Every entry below, from first to last, should be copied exactly.
***** Dataset records *****
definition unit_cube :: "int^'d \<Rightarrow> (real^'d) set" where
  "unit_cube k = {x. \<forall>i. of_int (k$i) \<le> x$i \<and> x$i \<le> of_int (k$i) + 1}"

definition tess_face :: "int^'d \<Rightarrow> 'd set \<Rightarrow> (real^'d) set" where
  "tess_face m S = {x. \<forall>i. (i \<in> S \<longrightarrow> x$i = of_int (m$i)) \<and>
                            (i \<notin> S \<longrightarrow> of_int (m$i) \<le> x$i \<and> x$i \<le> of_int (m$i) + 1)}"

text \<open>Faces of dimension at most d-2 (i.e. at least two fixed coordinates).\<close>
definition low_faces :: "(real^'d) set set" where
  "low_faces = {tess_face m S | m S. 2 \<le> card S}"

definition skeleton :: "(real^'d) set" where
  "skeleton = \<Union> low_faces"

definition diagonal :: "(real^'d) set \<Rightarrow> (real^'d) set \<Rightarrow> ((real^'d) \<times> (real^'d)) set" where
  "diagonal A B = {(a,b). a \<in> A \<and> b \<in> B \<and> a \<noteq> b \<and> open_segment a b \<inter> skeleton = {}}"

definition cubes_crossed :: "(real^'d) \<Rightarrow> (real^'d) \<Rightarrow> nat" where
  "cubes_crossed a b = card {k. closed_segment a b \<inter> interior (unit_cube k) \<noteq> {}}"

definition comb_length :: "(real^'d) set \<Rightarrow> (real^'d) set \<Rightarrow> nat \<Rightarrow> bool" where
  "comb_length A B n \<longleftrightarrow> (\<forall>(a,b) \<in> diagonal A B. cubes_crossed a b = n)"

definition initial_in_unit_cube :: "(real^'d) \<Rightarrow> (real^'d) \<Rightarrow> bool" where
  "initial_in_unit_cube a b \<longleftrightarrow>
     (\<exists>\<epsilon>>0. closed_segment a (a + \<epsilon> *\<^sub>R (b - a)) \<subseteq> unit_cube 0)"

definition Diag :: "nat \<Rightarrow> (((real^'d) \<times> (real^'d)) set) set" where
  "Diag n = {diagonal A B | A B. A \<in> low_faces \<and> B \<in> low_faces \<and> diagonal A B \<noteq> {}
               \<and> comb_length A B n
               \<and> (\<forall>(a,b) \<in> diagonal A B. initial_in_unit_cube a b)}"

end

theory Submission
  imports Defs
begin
*****
▸ Result of this exercise
definition unit_cube :: "int^'d \<Rightarrow> (real^'d) set" where
  "unit_cube k = {x. \<forall>i. of_int (k$i) \<le> x$i \<and> x$i \<le> of_int (k$i) + 1}"

definition tess_face :: "int^'d \<Rightarrow> 'd set \<Rightarrow> (real^'d) set" where
  "tess_face m S = {x. \<forall>i. (i \<in> S \<longrightarrow> x$i = of_int (m$i)) \<and>
                            (i \<notin> S \<longrightarrow> of_int (m$i) \<le> x$i \<and> x$i \<le> of_int (m$i) + 1)}"

text \<open>Faces of dimension at most d-2 (i.e. at least two fixed coordinates).\<close>
definition low_faces :: "(real^'d) set set" where
  "low_faces = {tess_face m S | m S. 2 \<le> card S}"

definition skeleton :: "(real^'d) set" where
  "skeleton = \<Union> low_faces"

definition diagonal :: "(real^'d) set \<Rightarrow> (real^'d) set \<Rightarrow> ((real^'d) \<times> (real^'d)) set" where
  "diagonal A B = {(a,b). a \<in> A \<and> b \<in> B \<and> a \<noteq> b \<and> open_segment a b \<inter> skeleton = {}}"

definition cubes_crossed :: "(real^'d) \<Rightarrow> (real^'d) \<Rightarrow> nat" where
  "cubes_crossed a b = card {k. closed_segment a b \<inter> interior (unit_cube k) \<noteq> {}}"

definition comb_length :: "(real^'d) set \<Rightarrow> (real^'d) set \<Rightarrow> nat \<Rightarrow> bool" where
  "comb_length A B n \<longleftrightarrow> (\<forall>(a,b) \<in> diagonal A B. cubes_crossed a b = n)"

definition initial_in_unit_cube :: "(real^'d) \<Rightarrow> (real^'d) \<Rightarrow> bool" where
  "initial_in_unit_cube a b \<longleftrightarrow>
     (\<exists>\<epsilon>>0. closed_segment a (a + \<epsilon> *\<^sub>R (b - a)) \<subseteq> unit_cube 0)"

definition Diag :: "nat \<Rightarrow> (((real^'d) \<times> (real^'d)) set) set" where
  "Diag n = {diagonal A B | A B. A \<in> low_faces \<and> B \<in> low_faces \<and> diagonal A B \<noteq> {}
               \<and> comb_length A B n
               \<and> (\<forall>(a,b) \<in> diagonal A B. initial_in_unit_cube a b)}"

end

theory Submission
  imports Defs
begin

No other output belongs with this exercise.